Shakha proshakha, or how does one remain virtuous?
Publié le 10 Novembre 2017
This 1990 movie was Ray’s last but one, only to be succeeded by Agantuk a year later before his death. Its title means “branches of the tree”: the film deals with a family situation and so the genealogical reference is clear; but the tree is such a powerful symbol that it will need exploring a little. You’ll find the story here. All in all, this might seem a rather less powerful film by the Bengali master (some people find it really bad): the theme is somewhat reminiscent of other works, the moral lesson rather predictable, and through it transpires perhaps a form of despondency which some critics have linked to Ray’s last years. Yet the film contains an originality and a depth of its own. The question of virtue and its transmission lies at its core: virtue is like the sap of the tree: without it, the tree cannot live, it soon rots and decays, or if it lives, it is ill. Ideally, the trunk is the passage from the roots to the branches and leaves and flowers; there are canals through which the sap flows to reach the top. But accidents can take place along this route: storms, bug infections, breakages, acid rains, you name it. Gardeners must pay attention to all of them and try to mend, cure and lop. But sometimes the best strategy is to leave things mend themselves on their own, and trust time to do the job.

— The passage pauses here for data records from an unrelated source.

lemma fibre_partition_separates_pair:
  assumes conn: "connected_graph V E" and "W \<subseteq> V"
    and twin: "\<forall>u\<in>W. \<forall>v\<in>W. twins V E u v" and indep: "\<forall>u\<in>W. \<forall>v\<in>W. \<not> E u v"
    and maximal: "\<forall>w\<in>W. \<forall>x\<in>V - W. \<not> twins V E w x"
    and f: "f ` (V - W) \<subseteq> W" "inj_on f (V - W)" and w0: "w0 \<in> W" "w0 \<notin> f ` (V - W)"
    and wx: "w \<in> W" "x \<in> V - W" "f x = w"
  shows "rep E (fibre_partition V W f) w \<noteq> rep E (fibre_partition V W f) x"
proof -
  have sg: "simple_graph V E" using conn by (simp add: connected_graph_def)
  then have sym: "\<And>u v. E u v \<Longrightarrow> E v u" and irrefl: "\<And>u. \<not> E u u"
    unfolding simple_graph_def by blast+
  have "w \<in> V" "x \<in> V" "x \<notin> W" using wx \<open>W \<subseteq> V\<close> by auto
  have adj_W: "E x w'" if "w' \<in> W" "E x w" for w'
    by (rule adjacent_to_independent_twin_set[OF sg twin indep wx(1) that])
  show ?thesis
  proof (cases "E w x")
    case True
    have "w0 \<in> V" "w \<noteq> w0" using w0 wx \<open>W \<subseteq> V\<close> by auto
    have "setdist E x {w0} = 1"
      using setdist_eq_1_iff[OF conn, of "{w0}" x] adj_W[OF w0(1) sym[OF True]]
        \<open>w0 \<in> V\<close> \<open>x \<in> V\<close> \<open>x \<notin> W\<close> w0(1) by auto
    moreover have "setdist E w {w0} \<noteq> 1"
      using setdist_eq_1_iff[OF conn, of "{w0}" w] indep[rule_format, OF wx(1) w0(1)]
        \<open>w0 \<in> V\<close> \<open>w \<in> V\<close> \<open>w \<noteq> w0\<close> by auto
    ultimately show ?thesis
      using rep_neq_if_setdist_neq[OF singleton_in_fibre_partition[OF w0]] by metis
  next
    case False
    have x_nonadj_W: "\<not> E x w'" if "w' \<in> W" for w'
      using adjacent_to_independent_twin_set[OF sg twin indep that wx(1)] False sym[of x w] by blast
    have "\<not> twins V E w x" using maximal wx by blast
    then have "nbhd V E w - {x} \<noteq> nbhd V E x - {w}"
      using \<open>w \<in> V\<close> \<open>x \<in> V\<close> unfolding twins_def by blast
    then obtain y where y: "y \<in> V" "E w y \<noteq> E x y" "y \<noteq> x" "y \<noteq> w"
      unfolding nbhd_def using irrefl by auto
    have "y \<notin> W" using y(2) indep[rule_format, OF wx(1)] x_nonadj_W by auto
    then have "y \<in> V - W" "f y \<in> W" "f y \<noteq> w" using y f wx by (auto dest: inj_onD)
    have T_sub: "{f y, y} \<subseteq> V" using \<open>f y \<in> W\<close> y(1) \<open>W \<subseteq> V\<close> by auto
    have "setdist E w {f y, y} = 1 \<longleftrightarrow> E w y"
      using setdist_eq_1_iff[OF conn T_sub _ \<open>w \<in> V\<close>] indep[rule_format, OF wx(1) \<open>f y \<in> W\<close>]
        \<open>f y \<noteq> w\<close> y(4) by auto
    moreover have "setdist E x {f y, y} = 1 \<longleftrightarrow> E x y"
      using setdist_eq_1_iff[OF conn T_sub _ \<open>x \<in> V\<close>] x_nonadj_W[OF \<open>f y \<in> W\<close>]
        \<open>f y \<in> W\<close> wx(2) y(3) by auto
    ultimately show ?thesis
      using rep_neq_if_setdist_neq[OF pair_in_fibre_partition[OF f(2) \<open>y \<in> V - W\<close> \<open>f y \<in> W\<close>]] y(2)
      by metis
  qed
qed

As all living beings, trees have in-built ways to deal with attacks from outside and from inside. It’s sometimes a good idea to let the plant find its own cure.
So what we have at the outset is apparently a tolerably well-to-do tree, a family which has weathered the storm of life as best it could; a retired and idealistic industrialist, renowned for his work and achievements, who lives with his own dad, a doting 93-year old who needs help like a baby, and his 2nd son, Proshanto, who’s handicapped because of a car accident and cannot live on his own either. The mother is dead. There are three other sons, two of which are married and one boy, around 10, in one of the two families. This tree has borne fruit and has gone through the seasons rather steadfastly: the blows it has received haven’t stopped it from expanding some vigorous branches and sheltering its more vulnerable ones. But the story will show it has a hidden disease, and like so many trees, you don’t see this disease until the tree is dying. What happens in this case is a severe shock, the trunk itself is revealed one day to collapse! While attending a conference where he’s thanked by his community, the 70 year old industrialist has a heart attack and of course all the family rallies to his bedside. His state is uncertain and the doctor says he can’t tell the family how long they might have to stay if the worst comes to the worst. This is the trick which Ray needs to examine and hope to cure the whole structure. All of them live rather far, and so they are obliged to remain together under the family roof, in the case of their father’s untimely death.
First the outwardly normal members of the family are forced to confront the outwardly non-normal. Hats off to Ray for having found that quirky great-grandad! He’s a marvel of eccentricity. Imagine a gaping corpse with eyes wide open slowly tottering towards you, all trembling, and all of sudden shrieking in pleasure at touching you: spooky, right? Well that’s grandad! He does exactly what he’s expecting to do, ie give a shake to the apparently sound branches of the tree, and make us see what drops off in the process. Certainly this apparition creates a form of shock and readies us for more shaking leaves. Then there’s a more serious case, that of Proshanto, already mentioned. He’s played by the masterful Soumitra Chatterjee (I don’t agree at all with Beth in the aforementioned article who thinks he’s botched his job), who’s taken on the task of digging deep into the family’s frightening subconscious. Proshanto is like a grown-up child, terribly unpredictable but also terribly strong. There’s something raw about him, something unhoned by social conventions and protections, a sort of Dostoievskian monster, harmless really but oddly threatening. He’s like a hidden source of truth which can emerge and erupt any time without warning. Like the grandad, he can’t easily express himself, but the undercurrent of denunciation goes much further, as if his accident had made him sensitive to realities kept secret to all but their authors.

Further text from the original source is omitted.